[Start of Attachment]

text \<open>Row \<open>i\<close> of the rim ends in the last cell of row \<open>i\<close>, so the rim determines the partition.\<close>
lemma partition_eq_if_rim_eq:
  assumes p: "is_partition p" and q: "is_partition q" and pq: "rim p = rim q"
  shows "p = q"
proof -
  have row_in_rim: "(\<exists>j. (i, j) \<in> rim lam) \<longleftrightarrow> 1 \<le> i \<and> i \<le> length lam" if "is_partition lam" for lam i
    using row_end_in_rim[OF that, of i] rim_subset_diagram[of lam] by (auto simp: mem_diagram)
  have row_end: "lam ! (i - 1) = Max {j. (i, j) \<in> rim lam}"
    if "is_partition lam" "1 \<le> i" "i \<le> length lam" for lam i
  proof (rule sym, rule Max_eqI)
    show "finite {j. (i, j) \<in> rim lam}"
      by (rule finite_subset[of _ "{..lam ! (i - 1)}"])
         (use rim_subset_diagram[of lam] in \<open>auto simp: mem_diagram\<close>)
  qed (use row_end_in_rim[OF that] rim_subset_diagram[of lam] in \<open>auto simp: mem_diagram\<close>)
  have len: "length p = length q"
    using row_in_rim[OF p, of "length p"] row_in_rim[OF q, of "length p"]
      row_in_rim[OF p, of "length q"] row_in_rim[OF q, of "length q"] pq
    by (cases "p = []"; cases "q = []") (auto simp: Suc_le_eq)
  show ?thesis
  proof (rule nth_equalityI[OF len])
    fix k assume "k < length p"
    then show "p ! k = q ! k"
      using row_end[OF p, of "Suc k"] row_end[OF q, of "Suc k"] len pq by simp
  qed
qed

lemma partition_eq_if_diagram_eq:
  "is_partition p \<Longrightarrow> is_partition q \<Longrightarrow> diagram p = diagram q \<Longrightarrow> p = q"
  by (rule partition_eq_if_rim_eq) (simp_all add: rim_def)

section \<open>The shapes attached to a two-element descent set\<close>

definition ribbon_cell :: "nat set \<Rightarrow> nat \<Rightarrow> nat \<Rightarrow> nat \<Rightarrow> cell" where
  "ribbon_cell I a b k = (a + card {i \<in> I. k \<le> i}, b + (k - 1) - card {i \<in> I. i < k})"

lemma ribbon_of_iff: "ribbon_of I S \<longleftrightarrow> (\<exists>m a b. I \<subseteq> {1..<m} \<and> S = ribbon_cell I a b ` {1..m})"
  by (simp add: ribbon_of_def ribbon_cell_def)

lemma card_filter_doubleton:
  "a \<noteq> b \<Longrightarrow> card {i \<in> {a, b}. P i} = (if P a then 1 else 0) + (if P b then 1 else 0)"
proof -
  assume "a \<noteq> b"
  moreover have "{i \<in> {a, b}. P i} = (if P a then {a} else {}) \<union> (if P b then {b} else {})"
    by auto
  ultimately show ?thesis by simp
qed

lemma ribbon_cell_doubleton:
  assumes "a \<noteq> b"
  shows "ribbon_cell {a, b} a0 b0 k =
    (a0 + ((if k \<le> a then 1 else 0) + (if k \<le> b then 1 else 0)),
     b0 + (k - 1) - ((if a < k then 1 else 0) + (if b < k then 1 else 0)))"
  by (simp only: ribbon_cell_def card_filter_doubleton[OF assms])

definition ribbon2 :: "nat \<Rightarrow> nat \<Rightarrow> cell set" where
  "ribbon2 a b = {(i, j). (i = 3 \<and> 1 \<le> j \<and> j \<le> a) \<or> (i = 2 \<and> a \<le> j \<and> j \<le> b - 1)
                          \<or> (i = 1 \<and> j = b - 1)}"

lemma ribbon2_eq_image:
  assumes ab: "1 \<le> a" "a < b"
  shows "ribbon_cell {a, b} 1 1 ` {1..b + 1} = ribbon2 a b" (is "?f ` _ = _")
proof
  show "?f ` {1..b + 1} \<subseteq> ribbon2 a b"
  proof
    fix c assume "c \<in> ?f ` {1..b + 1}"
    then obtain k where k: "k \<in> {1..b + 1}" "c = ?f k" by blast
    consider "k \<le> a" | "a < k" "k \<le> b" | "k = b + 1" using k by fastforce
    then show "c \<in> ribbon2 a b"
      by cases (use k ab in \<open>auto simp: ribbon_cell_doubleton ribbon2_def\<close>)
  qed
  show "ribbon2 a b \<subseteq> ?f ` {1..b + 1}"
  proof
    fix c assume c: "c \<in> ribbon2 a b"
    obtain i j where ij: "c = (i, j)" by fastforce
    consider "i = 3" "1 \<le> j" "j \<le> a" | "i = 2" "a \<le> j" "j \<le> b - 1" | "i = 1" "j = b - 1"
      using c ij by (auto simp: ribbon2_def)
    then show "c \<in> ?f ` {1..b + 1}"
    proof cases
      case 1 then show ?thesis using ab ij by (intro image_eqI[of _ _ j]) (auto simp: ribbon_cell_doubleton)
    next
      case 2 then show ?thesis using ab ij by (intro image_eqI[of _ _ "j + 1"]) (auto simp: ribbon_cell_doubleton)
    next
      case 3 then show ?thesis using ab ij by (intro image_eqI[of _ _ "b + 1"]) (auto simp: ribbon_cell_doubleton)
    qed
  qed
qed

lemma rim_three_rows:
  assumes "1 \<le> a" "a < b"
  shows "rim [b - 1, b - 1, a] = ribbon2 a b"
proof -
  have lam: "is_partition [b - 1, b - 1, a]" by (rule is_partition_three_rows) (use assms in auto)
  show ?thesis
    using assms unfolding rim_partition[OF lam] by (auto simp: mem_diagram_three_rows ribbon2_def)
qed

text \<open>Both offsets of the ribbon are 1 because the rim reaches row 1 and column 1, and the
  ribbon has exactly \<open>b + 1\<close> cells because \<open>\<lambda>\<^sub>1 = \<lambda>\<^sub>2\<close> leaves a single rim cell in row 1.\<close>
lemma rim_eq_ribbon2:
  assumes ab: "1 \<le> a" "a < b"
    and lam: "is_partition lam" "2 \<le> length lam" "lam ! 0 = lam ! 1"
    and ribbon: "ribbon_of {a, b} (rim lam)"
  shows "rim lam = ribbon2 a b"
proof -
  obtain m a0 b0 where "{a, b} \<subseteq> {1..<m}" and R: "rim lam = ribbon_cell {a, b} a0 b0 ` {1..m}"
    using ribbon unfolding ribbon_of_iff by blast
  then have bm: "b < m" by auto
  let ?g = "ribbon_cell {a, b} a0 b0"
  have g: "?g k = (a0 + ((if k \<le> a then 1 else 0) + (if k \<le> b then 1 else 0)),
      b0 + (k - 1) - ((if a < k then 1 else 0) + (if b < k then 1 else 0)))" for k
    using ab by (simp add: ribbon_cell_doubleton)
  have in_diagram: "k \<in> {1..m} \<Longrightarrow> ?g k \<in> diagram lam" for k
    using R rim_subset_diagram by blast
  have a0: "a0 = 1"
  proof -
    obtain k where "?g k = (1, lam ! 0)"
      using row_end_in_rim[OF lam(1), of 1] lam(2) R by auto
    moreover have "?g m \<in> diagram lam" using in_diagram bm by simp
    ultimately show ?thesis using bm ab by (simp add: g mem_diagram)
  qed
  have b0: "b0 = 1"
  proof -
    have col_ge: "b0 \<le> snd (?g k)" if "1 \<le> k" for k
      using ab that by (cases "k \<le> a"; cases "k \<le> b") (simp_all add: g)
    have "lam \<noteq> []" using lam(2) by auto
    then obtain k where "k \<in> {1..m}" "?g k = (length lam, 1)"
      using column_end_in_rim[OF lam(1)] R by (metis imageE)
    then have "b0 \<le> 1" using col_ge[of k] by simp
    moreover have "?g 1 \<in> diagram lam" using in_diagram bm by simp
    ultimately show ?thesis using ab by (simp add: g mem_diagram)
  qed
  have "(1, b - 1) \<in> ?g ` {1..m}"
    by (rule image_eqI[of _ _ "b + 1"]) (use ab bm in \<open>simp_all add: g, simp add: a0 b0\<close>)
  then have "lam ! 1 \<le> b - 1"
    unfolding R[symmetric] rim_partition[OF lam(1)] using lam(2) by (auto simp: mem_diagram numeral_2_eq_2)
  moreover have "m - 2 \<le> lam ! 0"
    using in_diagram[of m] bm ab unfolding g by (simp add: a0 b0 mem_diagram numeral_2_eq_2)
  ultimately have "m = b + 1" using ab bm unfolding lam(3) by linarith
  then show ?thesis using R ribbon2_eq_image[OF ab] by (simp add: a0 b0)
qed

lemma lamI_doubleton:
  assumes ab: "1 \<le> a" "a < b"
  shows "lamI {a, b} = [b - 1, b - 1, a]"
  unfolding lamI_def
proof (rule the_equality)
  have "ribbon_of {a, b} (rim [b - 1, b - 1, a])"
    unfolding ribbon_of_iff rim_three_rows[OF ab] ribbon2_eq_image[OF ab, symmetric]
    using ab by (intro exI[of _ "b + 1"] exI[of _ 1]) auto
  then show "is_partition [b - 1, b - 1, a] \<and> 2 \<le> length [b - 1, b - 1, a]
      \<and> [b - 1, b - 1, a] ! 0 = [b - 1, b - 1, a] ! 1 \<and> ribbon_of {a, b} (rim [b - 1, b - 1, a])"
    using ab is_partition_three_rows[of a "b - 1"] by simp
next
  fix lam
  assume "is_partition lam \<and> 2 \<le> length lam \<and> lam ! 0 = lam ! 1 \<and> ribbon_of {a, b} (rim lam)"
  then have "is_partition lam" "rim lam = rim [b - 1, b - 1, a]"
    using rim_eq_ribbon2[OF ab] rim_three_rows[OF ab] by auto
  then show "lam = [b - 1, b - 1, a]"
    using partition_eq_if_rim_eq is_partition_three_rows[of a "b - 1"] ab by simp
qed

[End of Attachment]
[Start of Attachment]

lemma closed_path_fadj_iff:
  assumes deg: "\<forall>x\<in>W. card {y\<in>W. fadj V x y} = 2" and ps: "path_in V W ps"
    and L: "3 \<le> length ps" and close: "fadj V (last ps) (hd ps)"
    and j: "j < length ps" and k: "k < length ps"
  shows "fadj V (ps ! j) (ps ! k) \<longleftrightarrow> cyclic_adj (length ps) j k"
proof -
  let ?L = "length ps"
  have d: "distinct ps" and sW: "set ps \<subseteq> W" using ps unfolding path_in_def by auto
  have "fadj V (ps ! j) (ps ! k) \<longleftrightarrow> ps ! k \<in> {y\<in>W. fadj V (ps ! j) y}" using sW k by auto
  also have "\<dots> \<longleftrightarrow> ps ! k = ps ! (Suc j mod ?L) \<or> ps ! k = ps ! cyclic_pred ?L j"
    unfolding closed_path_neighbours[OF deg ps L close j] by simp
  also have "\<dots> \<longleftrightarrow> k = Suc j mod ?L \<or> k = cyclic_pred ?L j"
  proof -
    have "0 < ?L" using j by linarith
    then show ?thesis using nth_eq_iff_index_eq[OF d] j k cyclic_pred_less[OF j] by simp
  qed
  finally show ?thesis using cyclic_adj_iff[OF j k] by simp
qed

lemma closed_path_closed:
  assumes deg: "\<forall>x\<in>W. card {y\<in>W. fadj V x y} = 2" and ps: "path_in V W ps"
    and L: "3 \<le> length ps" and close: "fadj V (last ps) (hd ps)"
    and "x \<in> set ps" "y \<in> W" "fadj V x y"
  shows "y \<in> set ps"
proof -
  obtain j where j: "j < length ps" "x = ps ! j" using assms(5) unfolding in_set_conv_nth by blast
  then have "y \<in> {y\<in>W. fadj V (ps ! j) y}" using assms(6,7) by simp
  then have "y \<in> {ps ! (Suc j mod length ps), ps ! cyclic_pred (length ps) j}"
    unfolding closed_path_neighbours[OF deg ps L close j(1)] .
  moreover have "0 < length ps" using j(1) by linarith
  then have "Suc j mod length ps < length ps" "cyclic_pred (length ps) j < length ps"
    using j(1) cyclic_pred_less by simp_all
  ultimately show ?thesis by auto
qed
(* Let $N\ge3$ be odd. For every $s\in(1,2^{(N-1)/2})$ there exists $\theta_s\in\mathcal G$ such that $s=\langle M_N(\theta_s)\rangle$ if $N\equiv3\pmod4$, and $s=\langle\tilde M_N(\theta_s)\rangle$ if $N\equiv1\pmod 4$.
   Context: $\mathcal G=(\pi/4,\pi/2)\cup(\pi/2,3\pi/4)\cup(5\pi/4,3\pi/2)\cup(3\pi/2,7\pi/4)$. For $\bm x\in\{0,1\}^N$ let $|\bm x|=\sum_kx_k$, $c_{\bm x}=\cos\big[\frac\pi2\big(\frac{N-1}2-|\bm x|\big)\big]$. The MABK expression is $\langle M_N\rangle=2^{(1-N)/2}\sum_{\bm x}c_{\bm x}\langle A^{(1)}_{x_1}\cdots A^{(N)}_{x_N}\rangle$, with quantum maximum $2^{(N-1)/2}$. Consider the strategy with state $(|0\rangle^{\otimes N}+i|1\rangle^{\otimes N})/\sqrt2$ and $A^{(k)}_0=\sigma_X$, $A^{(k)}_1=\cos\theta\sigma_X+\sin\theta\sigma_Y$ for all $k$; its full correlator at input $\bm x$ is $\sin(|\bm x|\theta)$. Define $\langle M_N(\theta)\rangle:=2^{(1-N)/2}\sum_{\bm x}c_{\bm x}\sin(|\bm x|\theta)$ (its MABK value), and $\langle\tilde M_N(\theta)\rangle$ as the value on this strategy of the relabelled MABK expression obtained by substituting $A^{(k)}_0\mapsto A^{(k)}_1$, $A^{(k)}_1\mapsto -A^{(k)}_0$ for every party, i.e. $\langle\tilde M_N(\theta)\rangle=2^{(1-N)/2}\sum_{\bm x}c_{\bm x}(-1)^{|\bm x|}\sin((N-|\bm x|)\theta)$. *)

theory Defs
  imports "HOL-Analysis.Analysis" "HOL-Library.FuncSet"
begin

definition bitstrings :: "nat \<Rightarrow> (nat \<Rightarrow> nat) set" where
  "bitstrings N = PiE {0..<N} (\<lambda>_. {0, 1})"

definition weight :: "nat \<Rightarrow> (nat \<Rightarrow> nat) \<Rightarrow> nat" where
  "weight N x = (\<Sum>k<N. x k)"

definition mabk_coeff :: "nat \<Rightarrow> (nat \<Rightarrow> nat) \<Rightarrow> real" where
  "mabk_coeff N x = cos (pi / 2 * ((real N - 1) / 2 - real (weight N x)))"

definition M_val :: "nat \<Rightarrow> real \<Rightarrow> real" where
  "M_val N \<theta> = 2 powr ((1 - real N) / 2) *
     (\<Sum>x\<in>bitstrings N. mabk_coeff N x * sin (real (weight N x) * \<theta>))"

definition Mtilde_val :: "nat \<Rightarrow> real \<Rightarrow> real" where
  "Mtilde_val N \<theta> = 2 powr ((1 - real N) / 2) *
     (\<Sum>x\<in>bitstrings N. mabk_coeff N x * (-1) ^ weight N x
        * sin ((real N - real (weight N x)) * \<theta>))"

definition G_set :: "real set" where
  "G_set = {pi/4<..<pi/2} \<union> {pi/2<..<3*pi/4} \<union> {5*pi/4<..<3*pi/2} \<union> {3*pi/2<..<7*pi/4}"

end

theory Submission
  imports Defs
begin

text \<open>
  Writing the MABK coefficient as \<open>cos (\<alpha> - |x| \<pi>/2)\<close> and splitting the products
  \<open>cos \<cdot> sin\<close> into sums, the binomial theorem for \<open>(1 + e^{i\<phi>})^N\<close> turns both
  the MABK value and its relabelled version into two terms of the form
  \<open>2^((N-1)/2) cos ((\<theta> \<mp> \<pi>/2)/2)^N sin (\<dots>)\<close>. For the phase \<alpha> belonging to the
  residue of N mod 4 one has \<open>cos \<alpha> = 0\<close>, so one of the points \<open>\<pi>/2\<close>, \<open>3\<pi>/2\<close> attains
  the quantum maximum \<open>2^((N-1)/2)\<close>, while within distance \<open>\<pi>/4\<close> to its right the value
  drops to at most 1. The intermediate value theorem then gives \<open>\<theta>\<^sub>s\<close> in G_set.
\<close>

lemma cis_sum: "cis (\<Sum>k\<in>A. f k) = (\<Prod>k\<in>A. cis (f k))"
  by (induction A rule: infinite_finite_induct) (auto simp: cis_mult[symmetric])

[End of Attachment]
[Start of Attachment]

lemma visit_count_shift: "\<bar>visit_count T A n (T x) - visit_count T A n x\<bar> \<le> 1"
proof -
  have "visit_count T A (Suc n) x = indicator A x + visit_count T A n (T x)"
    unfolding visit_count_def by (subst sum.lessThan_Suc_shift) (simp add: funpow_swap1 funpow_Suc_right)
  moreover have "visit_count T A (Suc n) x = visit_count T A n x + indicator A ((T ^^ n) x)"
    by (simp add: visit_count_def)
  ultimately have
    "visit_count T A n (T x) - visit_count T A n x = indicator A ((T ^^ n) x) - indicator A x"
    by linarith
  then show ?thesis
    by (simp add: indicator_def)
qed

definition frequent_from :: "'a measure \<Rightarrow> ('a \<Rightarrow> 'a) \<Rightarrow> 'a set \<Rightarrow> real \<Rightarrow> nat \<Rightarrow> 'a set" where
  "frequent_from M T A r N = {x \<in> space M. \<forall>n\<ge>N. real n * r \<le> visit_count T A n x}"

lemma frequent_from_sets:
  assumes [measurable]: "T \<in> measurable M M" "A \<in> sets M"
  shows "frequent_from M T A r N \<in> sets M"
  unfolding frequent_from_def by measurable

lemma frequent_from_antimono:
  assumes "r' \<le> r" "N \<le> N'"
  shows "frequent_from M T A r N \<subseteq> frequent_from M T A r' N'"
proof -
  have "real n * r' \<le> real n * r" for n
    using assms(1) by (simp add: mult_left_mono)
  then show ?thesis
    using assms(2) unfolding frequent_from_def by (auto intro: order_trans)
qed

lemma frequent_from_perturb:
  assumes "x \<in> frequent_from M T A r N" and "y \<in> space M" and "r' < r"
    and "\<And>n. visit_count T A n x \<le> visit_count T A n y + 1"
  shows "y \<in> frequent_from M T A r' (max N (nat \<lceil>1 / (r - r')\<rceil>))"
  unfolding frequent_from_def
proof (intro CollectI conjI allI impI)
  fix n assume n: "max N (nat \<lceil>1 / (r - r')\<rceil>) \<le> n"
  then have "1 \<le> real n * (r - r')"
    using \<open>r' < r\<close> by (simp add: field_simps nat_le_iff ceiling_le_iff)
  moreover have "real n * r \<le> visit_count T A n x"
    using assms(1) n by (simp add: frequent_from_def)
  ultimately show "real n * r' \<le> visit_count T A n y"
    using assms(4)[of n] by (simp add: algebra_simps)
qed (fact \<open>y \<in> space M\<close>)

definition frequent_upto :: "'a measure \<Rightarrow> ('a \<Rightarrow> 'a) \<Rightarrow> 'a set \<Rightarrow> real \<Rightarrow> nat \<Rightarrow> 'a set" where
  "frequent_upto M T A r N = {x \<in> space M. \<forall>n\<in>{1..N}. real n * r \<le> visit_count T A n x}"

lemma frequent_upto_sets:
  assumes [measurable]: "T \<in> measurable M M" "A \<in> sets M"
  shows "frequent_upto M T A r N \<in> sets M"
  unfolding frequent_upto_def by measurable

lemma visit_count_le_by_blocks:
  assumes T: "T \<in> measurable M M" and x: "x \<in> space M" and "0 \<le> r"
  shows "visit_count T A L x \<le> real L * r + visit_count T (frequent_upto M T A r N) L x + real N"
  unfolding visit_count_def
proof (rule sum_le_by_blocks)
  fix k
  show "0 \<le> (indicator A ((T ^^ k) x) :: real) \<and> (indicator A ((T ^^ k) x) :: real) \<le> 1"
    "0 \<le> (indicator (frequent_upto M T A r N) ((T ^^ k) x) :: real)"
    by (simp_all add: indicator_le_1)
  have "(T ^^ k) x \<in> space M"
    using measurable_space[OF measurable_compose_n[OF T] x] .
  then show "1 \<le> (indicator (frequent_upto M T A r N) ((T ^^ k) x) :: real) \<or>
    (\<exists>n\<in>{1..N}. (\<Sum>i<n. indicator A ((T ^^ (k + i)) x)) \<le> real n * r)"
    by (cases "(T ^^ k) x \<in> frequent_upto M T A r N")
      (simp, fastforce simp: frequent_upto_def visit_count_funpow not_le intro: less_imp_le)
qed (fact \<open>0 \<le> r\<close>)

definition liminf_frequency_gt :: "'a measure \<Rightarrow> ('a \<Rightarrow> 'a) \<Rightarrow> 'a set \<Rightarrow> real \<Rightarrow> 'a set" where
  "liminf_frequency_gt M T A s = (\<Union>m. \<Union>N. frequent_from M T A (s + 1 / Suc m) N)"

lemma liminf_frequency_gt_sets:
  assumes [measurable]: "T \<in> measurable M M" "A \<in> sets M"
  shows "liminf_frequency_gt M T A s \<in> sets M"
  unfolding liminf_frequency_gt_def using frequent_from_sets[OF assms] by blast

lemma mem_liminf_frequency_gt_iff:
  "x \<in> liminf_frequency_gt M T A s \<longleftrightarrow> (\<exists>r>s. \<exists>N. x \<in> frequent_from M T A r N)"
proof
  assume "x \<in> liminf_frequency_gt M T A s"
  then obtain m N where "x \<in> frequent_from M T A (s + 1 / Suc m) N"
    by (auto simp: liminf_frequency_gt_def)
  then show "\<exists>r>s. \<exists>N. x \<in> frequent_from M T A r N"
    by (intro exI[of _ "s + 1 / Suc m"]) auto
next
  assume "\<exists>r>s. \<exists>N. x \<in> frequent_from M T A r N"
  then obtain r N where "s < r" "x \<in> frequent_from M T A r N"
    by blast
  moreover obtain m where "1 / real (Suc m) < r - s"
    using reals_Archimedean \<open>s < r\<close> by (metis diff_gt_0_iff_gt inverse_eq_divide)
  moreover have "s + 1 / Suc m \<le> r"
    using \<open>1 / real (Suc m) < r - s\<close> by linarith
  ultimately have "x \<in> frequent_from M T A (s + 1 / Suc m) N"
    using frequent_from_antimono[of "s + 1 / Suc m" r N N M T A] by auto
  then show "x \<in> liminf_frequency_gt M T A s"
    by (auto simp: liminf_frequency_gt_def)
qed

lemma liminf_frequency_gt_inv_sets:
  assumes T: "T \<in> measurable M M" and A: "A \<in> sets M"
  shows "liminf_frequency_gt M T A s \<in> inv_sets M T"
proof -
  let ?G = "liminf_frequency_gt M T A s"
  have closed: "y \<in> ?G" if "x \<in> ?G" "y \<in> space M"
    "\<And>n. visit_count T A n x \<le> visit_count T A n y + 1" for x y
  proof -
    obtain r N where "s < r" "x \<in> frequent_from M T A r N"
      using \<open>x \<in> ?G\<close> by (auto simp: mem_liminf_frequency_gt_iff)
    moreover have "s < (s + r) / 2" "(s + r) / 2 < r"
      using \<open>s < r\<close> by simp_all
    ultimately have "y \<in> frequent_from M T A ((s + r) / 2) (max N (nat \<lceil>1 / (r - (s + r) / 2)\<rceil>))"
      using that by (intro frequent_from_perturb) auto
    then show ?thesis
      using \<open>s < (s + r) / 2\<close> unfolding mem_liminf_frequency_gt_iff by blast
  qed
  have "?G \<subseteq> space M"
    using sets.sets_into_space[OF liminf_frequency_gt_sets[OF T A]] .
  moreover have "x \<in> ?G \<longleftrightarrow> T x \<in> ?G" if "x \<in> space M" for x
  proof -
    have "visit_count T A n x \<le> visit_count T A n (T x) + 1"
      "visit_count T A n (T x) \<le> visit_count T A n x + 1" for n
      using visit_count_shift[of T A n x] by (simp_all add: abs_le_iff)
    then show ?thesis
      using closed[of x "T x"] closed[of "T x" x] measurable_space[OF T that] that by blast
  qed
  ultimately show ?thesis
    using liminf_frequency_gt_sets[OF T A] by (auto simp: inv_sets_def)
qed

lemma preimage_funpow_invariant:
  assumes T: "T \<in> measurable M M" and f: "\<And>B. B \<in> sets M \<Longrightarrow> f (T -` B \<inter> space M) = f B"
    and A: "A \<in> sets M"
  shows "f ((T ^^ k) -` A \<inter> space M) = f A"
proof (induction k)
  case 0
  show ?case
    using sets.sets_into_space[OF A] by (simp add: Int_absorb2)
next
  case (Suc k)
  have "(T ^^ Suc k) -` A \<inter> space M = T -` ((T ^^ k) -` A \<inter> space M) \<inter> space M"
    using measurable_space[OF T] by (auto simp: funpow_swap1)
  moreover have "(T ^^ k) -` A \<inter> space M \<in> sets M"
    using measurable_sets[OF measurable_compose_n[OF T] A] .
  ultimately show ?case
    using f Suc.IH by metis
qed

[End of Attachment]

* _TASK INSTRUCTIONS_
Only the lines above starting with the one with "using row_end_in_rim[OF lam(1), of" and going through the one with "length [b - 1, b - 1, a]" are to be copied, word for word and with both ends kept.

* _RESPONSE TO THIS TASK_
      using row_end_in_rim[OF lam(1), of 1] lam(2) R by auto
    moreover have "?g m \<in> diagram lam" using in_diagram bm by simp
    ultimately show ?thesis using bm ab by (simp add: g mem_diagram)
  qed
  have b0: "b0 = 1"
  proof -
    have col_ge: "b0 \<le> snd (?g k)" if "1 \<le> k" for k
      using ab that by (cases "k \<le> a"; cases "k \<le> b") (simp_all add: g)
    have "lam \<noteq> []" using lam(2) by auto
    then obtain k where "k \<in> {1..m}" "?g k = (length lam, 1)"
      using column_end_in_rim[OF lam(1)] R by (metis imageE)
    then have "b0 \<le> 1" using col_ge[of k] by simp
    moreover have "?g 1 \<in> diagram lam" using in_diagram bm by simp
    ultimately show ?thesis using ab by (simp add: g mem_diagram)
  qed
  have "(1, b - 1) \<in> ?g ` {1..m}"
    by (rule image_eqI[of _ _ "b + 1"]) (use ab bm in \<open>simp_all add: g, simp add: a0 b0\<close>)
  then have "lam ! 1 \<le> b - 1"
    unfolding R[symmetric] rim_partition[OF lam(1)] using lam(2) by (auto simp: mem_diagram numeral_2_eq_2)
  moreover have "m - 2 \<le> lam ! 0"
    using in_diagram[of m] bm ab unfolding g by (simp add: a0 b0 mem_diagram numeral_2_eq_2)
  ultimately have "m = b + 1" using ab bm unfolding lam(3) by linarith
  then show ?thesis using R ribbon2_eq_image[OF ab] by (simp add: a0 b0)
qed

lemma lamI_doubleton:
  assumes ab: "1 \<le> a" "a < b"
  shows "lamI {a, b} = [b - 1, b - 1, a]"
  unfolding lamI_def
proof (rule the_equality)
  have "ribbon_of {a, b} (rim [b - 1, b - 1, a])"
    unfolding ribbon_of_iff rim_three_rows[OF ab] ribbon2_eq_image[OF ab, symmetric]
    using ab by (intro exI[of _ "b + 1"] exI[of _ 1]) auto
  then show "is_partition [b - 1, b - 1, a] \<and> 2 \<le> length [b - 1, b - 1, a]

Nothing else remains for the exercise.